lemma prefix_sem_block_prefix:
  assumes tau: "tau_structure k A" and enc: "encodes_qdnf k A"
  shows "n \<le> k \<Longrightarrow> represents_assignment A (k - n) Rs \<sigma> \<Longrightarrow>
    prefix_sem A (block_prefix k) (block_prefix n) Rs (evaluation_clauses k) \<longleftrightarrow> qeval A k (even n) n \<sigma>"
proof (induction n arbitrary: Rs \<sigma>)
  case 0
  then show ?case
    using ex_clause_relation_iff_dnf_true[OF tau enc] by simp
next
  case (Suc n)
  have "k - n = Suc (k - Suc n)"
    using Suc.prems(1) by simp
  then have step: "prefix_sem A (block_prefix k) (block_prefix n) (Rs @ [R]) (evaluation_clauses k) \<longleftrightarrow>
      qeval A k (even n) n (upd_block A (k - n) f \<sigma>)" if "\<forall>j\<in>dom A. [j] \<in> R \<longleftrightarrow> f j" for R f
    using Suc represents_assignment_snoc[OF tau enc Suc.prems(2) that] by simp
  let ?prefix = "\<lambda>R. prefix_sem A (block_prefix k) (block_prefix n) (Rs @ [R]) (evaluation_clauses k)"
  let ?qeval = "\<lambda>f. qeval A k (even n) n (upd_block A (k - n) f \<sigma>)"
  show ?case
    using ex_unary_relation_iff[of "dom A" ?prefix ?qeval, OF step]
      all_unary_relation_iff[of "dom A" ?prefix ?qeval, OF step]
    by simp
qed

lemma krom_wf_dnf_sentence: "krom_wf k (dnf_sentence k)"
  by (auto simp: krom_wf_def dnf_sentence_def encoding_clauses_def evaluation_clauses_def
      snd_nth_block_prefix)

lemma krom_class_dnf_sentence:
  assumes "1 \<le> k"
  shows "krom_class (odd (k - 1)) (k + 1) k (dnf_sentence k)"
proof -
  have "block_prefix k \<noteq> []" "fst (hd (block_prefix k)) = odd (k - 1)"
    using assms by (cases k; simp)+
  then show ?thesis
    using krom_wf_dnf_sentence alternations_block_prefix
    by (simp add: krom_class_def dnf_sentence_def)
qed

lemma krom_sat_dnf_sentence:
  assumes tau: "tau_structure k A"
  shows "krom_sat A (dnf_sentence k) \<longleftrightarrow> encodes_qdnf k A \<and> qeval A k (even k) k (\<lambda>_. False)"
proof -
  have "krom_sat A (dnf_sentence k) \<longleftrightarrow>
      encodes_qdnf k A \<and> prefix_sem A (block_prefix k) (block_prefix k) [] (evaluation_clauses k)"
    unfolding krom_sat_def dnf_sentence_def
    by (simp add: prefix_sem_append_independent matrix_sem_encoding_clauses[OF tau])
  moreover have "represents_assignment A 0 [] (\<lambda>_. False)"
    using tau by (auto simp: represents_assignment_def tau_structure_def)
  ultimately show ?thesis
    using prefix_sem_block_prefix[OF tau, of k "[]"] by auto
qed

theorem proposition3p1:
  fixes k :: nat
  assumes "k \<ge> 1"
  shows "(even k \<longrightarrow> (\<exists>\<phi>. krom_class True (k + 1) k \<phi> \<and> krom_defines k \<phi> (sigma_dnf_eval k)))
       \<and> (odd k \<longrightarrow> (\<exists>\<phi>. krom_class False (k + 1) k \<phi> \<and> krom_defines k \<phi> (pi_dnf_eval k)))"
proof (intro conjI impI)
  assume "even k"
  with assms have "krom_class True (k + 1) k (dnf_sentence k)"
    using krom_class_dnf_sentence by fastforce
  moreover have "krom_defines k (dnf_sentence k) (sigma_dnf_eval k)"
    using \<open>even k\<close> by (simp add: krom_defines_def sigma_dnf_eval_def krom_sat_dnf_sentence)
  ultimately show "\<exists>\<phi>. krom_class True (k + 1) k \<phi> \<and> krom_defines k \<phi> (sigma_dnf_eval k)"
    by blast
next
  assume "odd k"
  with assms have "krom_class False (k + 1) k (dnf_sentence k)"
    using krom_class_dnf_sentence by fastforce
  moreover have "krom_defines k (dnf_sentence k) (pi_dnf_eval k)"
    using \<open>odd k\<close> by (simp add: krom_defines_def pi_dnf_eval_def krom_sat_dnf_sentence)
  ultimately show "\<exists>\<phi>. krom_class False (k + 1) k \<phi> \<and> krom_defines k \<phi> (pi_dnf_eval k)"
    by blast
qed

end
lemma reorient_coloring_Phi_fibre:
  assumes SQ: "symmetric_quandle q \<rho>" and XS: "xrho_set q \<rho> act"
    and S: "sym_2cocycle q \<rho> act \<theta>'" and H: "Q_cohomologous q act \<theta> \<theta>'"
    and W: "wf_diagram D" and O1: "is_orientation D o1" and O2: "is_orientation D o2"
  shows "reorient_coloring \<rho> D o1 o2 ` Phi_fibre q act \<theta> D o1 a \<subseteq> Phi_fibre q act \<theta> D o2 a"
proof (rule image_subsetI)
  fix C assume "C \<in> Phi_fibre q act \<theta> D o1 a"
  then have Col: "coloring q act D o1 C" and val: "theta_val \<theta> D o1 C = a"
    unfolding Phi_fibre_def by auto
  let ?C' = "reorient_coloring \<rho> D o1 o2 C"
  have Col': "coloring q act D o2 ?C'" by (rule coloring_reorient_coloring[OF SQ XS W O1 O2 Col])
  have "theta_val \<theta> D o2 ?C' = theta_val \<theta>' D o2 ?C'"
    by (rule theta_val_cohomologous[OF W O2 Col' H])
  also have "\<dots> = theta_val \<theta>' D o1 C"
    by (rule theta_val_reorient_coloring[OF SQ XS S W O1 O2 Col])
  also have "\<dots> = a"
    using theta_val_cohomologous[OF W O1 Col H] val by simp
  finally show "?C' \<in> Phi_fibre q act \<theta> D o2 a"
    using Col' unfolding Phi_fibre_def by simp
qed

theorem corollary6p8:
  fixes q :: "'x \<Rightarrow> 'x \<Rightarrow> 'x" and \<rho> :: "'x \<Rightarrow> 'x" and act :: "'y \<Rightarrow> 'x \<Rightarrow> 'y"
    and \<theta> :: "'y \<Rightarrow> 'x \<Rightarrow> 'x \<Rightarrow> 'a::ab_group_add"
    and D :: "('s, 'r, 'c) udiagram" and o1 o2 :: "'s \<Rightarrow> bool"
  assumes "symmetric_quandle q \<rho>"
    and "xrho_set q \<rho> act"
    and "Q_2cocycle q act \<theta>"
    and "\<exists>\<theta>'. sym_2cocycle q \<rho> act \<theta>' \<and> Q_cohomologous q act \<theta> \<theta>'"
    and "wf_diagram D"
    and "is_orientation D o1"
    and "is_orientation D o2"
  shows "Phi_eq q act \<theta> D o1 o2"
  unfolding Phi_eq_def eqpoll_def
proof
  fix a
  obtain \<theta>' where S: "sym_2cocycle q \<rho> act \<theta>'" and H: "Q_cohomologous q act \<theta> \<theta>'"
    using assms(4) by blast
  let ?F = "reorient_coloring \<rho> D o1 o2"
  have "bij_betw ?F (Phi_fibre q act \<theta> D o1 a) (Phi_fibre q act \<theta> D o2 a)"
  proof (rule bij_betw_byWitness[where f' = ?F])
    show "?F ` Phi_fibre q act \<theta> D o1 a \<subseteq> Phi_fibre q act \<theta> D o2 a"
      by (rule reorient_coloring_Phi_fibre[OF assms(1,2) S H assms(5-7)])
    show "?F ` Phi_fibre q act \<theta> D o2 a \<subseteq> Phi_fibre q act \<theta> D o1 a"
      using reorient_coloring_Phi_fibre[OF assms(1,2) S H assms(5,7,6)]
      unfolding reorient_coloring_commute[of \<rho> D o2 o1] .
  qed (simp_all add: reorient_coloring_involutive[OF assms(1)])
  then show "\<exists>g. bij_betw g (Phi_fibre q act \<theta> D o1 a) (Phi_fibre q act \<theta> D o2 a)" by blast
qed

******

(TASK TO CARRY OUT): Among the records above, a stretch begins at the line containing "fixes k :: nat" and ends at the line containing "k \<phi> (sigma_dnf_eval k)))". Restate that stretch word for word, and nothing else.

(YOUR SOLUTION):
  fixes k :: nat
  assumes "k \<ge> 1"
  shows "(even k \<longrightarrow> (\<exists>\<phi>. krom_class True (k + 1) k \<phi> \<and> krom_defines k \<phi> (sigma_dnf_eval k)))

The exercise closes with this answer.